◆ **Exercise requirements**: Only one portion of the data is to be written out: from the line bearing "using assms True" through the line bearing "section \<open>Shift operators\<close>". Write it exactly as it appears.

**** Supplied material

lemma Mpairs_eq_card_walk_pairs:
  assumes "1 \<le> n" "r \<le> s" "s \<le> n" "r = s \<longrightarrow> 1 \<le> k"
  shows "Mpairs n r s k = card (walk_pairs n (int r) (int s) k)"
proof (cases "r = s")
  case False
  have "{(P, Q). P \<in> lattice_paths r (n - r) \<and> Q \<in> lattice_paths s (n - s) \<and>
      card (set P \<inter> set Q - {(0, 0)}) = k} = walk_pairs n (int r) (int s) k"
    using assms by (auto simp: walk_pairs_def lattice_paths_eq_walks card_common_vertices_walks)
  then show ?thesis
    using False by (simp add: Mpairs_def)
next
  case True
  have end_eq: "P ! n = (r, n - r)" if "P \<in> walks n" "fst (P ! n) = r" for P
    using walks_level[OF that(1), of n] that(2) by (auto simp: prod_eq_iff)
  have "card (set P \<inter> set Q - {(0, 0), (r, n - r)}) = k - 1 \<longleftrightarrow> meetings n P Q = k"
    if "P \<in> walks n" "Q \<in> walks n" "fst (P ! n) = r" "fst (Q ! n) = r" for P Q
    using card_common_vertices_walks_same_end[OF that(1,2) assms(1)] end_eq[OF that(1,3)]
      end_eq[OF that(2,4)] True assms(4) by auto
  then have "{(P, Q). P \<in> lattice_paths r (n - r) \<and> Q \<in> lattice_paths r (n - r) \<and>
      card (set P \<inter> set Q - {(0, 0), (r, n - r)}) = k - 1} = walk_pairs n (int r) (int r) k"
    using assms True by (auto simp: walk_pairs_def lattice_paths_eq_walks)
  then show ?thesis
    using True by (simp add: Mpairs_def Npairs_def)
qed

section \<open>Shift operators\<close>

text \<open>Functions of the walk length \<open>n\<close> and the two end abscissae \<open>r\<close>, \<open>s\<close>.\<close>
type_synonym grid_fun = "int \<Rightarrow> int \<Rightarrow> int \<Rightarrow> real"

********

◆ **Result of this task**:
    using assms True by (auto simp: walk_pairs_def lattice_paths_eq_walks)
  then show ?thesis
    using True by (simp add: Mpairs_def Npairs_def)
qed

section \<open>Shift operators\<close>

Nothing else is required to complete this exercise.